[EXERCISE DIRECTIONS] Nothing besides a number belongs in the answer, which is how many lines of the listing contain the string "fixes".

[STUDY MATERIAL]
Start of Block

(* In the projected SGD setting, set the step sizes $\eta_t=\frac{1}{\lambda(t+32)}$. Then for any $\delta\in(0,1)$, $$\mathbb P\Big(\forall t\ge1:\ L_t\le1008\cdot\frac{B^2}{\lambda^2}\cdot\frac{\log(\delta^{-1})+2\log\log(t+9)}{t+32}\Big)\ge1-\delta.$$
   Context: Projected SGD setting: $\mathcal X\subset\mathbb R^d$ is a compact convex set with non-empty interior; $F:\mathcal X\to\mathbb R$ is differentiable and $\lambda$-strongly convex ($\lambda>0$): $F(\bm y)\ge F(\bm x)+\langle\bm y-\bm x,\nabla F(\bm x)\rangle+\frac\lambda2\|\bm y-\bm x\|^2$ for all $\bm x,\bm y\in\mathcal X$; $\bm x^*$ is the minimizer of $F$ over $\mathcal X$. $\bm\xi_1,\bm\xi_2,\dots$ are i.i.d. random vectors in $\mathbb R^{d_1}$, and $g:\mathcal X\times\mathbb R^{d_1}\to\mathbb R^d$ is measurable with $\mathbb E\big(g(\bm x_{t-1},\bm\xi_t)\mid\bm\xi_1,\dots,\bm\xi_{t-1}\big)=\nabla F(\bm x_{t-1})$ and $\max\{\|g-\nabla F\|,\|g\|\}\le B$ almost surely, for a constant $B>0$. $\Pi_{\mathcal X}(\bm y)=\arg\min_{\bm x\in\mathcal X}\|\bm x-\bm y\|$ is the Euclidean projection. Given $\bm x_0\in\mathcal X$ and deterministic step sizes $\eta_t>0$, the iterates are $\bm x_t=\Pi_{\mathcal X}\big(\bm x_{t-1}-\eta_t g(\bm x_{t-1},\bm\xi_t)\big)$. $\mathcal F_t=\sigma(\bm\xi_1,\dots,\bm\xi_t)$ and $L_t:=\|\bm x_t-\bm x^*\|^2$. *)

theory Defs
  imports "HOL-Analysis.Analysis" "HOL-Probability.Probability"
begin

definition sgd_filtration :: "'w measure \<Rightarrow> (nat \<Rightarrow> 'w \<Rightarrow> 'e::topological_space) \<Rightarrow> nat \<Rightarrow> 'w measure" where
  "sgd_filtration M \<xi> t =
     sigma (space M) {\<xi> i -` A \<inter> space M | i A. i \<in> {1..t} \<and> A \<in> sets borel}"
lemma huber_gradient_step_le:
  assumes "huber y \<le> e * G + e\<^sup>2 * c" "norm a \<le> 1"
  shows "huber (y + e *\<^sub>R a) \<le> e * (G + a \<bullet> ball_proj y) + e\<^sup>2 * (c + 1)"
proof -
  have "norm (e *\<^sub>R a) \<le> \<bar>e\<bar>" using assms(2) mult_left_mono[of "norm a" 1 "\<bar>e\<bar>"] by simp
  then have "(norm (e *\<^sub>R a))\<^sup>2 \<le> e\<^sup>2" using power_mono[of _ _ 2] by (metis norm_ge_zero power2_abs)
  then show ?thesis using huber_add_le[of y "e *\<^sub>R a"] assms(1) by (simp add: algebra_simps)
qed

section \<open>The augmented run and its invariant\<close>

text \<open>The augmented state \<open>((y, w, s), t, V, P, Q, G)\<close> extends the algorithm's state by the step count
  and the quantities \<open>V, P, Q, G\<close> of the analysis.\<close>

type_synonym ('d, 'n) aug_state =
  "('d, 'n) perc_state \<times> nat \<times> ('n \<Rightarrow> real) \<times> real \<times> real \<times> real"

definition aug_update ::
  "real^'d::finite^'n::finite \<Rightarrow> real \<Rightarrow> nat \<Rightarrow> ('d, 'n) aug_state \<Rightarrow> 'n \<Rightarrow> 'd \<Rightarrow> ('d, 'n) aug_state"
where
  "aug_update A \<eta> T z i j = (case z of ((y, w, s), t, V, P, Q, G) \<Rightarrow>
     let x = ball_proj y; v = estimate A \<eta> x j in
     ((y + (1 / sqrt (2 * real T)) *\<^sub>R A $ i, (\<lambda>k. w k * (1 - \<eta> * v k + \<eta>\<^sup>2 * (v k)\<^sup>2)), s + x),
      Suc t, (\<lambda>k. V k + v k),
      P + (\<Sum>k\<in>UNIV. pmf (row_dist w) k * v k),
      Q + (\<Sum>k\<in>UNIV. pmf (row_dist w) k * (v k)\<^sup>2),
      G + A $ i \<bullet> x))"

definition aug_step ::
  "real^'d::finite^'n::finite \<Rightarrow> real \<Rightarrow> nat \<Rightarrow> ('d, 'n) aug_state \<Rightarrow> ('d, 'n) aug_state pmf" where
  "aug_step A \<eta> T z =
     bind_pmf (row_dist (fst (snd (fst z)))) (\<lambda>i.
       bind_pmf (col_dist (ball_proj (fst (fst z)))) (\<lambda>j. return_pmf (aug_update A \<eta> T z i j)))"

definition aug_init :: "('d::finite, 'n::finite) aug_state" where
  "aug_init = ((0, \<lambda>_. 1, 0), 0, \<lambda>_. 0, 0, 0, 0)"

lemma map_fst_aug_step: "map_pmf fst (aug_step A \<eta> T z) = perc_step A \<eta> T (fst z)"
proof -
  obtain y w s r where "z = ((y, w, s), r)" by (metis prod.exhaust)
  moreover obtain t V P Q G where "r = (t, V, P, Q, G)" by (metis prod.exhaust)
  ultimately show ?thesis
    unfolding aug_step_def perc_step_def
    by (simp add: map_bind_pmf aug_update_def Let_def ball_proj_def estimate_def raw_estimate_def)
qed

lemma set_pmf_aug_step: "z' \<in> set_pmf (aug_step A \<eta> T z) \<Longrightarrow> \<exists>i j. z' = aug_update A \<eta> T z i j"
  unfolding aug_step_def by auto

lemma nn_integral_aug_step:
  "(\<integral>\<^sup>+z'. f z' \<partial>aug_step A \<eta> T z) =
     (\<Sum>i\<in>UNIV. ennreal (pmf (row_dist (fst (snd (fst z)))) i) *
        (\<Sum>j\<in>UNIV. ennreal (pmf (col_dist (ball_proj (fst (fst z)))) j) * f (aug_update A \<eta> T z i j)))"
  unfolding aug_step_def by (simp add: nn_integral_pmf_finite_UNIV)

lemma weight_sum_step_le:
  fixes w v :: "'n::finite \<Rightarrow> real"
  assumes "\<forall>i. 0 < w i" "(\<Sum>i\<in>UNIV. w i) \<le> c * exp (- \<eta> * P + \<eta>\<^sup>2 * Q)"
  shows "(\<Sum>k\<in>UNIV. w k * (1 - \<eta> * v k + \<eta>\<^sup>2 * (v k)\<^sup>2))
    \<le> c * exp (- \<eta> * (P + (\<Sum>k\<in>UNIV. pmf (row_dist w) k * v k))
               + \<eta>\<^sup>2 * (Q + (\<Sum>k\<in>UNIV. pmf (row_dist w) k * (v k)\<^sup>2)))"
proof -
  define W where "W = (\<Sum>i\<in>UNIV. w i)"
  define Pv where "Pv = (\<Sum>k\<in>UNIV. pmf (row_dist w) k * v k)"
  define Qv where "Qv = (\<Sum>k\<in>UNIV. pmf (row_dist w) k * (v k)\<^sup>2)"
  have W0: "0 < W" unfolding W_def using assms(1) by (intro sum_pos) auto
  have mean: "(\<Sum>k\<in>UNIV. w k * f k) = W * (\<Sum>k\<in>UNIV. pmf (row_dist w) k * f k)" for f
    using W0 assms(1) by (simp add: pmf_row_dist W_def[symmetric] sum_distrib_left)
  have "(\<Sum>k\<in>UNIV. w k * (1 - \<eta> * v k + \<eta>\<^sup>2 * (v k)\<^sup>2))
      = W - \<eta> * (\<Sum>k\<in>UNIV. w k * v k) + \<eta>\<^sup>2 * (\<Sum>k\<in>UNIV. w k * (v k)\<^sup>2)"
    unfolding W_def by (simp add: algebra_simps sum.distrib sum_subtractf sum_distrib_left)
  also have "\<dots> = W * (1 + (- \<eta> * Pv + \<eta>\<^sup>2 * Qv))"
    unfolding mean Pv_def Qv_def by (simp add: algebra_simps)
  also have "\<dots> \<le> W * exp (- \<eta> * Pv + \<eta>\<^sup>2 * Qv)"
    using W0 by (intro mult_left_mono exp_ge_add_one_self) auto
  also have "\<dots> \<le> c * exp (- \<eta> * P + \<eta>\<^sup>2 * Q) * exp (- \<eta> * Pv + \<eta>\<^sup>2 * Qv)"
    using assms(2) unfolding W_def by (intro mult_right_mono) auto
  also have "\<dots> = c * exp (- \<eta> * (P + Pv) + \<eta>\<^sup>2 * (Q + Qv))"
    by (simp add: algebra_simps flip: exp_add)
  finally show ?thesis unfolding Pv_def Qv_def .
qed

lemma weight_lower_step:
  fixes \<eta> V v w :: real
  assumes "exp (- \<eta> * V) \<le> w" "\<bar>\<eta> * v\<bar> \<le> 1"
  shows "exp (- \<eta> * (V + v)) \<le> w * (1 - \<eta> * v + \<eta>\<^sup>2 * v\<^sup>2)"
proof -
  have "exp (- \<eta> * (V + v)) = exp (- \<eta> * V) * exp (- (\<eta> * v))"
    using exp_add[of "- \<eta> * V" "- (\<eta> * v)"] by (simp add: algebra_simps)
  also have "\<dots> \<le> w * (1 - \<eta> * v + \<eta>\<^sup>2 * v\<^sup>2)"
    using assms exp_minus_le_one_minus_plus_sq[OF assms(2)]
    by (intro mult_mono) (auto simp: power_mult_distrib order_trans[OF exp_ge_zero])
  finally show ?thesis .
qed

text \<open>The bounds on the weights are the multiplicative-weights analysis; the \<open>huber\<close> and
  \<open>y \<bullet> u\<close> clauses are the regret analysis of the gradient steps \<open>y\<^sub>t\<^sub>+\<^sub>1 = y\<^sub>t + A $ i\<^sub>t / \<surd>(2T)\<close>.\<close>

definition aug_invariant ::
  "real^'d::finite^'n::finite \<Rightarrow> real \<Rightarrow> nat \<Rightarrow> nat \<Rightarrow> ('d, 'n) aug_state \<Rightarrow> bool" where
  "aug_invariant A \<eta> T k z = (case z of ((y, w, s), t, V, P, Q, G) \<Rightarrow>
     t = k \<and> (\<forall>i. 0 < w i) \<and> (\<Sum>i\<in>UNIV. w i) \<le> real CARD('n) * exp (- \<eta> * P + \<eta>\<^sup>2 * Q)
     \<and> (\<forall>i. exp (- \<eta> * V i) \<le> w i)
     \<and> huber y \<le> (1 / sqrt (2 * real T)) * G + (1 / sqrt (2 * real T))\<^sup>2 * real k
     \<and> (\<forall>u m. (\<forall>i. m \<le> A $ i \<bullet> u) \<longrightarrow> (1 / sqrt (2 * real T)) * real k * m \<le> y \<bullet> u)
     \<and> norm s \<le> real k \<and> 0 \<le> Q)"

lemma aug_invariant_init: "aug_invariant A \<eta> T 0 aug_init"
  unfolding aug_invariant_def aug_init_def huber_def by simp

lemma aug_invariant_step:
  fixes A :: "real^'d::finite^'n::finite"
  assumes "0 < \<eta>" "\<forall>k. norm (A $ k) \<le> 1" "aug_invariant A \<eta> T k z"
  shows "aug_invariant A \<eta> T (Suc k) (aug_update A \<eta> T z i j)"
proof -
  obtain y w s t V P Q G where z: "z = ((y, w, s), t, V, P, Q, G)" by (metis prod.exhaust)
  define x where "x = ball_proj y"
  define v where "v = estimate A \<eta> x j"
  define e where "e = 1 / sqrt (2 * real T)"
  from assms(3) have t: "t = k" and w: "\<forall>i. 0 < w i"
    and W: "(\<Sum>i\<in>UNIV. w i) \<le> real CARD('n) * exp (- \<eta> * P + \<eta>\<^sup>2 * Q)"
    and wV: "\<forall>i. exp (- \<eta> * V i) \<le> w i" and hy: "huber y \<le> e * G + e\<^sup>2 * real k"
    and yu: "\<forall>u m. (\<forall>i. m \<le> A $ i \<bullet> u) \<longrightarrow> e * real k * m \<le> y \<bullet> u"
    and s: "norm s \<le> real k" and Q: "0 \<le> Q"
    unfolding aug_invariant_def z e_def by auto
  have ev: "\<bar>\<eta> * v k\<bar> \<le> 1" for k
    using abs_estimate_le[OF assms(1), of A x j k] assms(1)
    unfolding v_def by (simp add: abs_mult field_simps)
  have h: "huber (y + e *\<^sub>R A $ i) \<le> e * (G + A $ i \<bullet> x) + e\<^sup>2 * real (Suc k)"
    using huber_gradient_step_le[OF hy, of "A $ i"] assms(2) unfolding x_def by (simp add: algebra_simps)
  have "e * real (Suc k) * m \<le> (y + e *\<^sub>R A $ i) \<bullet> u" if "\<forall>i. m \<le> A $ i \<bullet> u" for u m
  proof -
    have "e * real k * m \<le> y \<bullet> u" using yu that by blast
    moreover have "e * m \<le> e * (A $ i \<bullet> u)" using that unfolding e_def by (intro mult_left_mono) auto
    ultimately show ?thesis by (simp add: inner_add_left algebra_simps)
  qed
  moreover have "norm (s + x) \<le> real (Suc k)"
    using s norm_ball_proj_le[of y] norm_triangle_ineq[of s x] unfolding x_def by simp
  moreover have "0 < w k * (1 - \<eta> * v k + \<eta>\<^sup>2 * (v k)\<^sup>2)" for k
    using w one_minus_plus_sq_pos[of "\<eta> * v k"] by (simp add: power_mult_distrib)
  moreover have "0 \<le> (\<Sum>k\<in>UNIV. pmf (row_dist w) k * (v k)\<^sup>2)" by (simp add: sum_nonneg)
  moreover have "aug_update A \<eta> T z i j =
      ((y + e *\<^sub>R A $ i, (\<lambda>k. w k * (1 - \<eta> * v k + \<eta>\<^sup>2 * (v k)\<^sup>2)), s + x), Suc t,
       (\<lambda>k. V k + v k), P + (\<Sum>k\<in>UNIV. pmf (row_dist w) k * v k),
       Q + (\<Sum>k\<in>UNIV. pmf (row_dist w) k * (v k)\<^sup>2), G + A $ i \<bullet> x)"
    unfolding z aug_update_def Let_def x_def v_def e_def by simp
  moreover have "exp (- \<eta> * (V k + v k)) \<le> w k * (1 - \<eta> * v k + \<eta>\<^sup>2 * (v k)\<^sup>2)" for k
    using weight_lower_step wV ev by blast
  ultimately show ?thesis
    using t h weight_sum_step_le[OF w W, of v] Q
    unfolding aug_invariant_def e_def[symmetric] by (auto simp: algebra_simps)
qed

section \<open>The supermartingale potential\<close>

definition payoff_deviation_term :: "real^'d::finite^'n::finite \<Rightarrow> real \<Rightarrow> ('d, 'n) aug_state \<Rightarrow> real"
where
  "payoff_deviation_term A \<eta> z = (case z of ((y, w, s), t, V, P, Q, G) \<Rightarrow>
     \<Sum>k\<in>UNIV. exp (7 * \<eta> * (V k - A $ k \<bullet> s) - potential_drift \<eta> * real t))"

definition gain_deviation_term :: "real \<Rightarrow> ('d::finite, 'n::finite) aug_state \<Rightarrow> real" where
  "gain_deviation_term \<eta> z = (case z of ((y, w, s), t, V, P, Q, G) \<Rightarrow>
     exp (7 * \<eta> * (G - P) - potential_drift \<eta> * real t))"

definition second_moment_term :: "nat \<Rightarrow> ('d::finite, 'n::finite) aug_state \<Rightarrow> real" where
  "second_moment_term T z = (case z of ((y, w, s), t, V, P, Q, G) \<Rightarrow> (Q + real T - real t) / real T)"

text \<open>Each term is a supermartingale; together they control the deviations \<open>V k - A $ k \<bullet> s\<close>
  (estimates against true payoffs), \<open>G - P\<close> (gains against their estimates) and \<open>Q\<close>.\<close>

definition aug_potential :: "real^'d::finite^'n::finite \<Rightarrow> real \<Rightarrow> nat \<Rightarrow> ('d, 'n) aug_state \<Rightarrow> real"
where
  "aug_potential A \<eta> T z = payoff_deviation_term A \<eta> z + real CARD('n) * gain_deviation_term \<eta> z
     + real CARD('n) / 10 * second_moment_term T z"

End of Block
Start of Block

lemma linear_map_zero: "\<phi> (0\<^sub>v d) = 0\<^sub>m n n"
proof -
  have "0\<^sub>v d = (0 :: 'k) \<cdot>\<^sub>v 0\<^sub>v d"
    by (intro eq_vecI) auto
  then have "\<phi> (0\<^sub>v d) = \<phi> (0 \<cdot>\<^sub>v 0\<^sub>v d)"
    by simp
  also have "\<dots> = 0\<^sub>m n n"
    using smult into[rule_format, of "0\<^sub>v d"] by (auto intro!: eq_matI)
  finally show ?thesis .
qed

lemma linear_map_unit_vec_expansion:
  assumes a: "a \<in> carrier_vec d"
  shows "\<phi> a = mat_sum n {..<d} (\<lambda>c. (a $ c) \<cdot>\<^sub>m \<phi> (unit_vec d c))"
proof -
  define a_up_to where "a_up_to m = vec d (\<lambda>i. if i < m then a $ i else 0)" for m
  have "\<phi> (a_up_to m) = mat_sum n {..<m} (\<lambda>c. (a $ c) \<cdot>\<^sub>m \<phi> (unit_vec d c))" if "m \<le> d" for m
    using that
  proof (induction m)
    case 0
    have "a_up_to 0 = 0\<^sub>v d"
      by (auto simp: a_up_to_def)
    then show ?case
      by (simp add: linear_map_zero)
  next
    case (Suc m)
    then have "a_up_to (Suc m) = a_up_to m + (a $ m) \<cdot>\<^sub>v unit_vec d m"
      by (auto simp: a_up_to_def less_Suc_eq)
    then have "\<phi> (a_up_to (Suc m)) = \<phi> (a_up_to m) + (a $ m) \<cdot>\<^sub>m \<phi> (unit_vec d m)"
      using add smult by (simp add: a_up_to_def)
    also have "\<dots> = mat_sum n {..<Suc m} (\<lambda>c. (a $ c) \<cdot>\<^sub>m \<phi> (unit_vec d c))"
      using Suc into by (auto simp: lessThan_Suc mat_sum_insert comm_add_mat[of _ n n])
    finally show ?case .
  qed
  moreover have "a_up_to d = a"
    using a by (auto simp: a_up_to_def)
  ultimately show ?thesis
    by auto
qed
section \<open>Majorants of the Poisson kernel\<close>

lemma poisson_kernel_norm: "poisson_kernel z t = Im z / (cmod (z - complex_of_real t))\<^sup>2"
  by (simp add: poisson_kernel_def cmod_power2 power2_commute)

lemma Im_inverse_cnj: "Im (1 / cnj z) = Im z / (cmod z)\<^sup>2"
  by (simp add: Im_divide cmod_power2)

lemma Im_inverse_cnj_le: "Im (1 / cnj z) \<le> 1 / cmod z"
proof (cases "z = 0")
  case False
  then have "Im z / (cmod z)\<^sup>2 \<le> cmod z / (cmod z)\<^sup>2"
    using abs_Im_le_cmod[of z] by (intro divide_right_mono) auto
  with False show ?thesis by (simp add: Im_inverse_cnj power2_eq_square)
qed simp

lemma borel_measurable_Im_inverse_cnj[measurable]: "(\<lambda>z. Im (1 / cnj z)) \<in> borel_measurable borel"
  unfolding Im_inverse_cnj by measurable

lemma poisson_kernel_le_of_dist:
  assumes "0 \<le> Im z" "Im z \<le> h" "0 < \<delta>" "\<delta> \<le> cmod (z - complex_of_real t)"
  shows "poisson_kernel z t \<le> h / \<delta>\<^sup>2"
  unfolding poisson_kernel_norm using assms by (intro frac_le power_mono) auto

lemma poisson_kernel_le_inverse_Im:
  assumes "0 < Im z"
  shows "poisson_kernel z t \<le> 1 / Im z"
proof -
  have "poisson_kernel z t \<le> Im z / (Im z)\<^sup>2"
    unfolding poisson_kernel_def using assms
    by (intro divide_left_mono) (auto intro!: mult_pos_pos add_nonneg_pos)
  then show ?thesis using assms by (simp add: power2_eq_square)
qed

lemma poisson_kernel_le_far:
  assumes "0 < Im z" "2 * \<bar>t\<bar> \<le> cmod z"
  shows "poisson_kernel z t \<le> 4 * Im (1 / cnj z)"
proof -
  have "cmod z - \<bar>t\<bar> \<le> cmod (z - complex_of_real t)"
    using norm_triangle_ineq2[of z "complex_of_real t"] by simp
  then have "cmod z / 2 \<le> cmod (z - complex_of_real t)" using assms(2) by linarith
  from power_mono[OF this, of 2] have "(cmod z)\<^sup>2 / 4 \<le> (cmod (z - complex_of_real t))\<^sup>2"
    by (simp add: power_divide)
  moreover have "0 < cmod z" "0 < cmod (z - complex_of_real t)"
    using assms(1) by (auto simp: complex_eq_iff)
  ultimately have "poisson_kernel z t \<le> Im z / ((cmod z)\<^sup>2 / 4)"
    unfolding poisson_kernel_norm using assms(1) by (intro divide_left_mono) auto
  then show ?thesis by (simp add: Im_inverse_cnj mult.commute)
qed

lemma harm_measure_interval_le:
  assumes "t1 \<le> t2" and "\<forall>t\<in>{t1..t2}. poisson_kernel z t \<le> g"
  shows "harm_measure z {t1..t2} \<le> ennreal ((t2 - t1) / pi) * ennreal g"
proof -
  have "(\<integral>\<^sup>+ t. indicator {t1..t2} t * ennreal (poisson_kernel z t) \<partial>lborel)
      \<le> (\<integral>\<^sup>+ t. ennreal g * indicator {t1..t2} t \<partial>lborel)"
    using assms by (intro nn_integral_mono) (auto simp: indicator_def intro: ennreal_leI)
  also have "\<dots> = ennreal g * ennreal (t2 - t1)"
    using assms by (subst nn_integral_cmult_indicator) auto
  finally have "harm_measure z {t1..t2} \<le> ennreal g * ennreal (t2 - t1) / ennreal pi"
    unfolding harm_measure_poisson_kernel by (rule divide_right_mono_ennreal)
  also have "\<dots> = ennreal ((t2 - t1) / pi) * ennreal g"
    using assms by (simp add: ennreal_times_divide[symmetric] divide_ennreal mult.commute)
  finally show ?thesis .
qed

End of Block

[SOLUTION FOR THIS EXERCISE] 3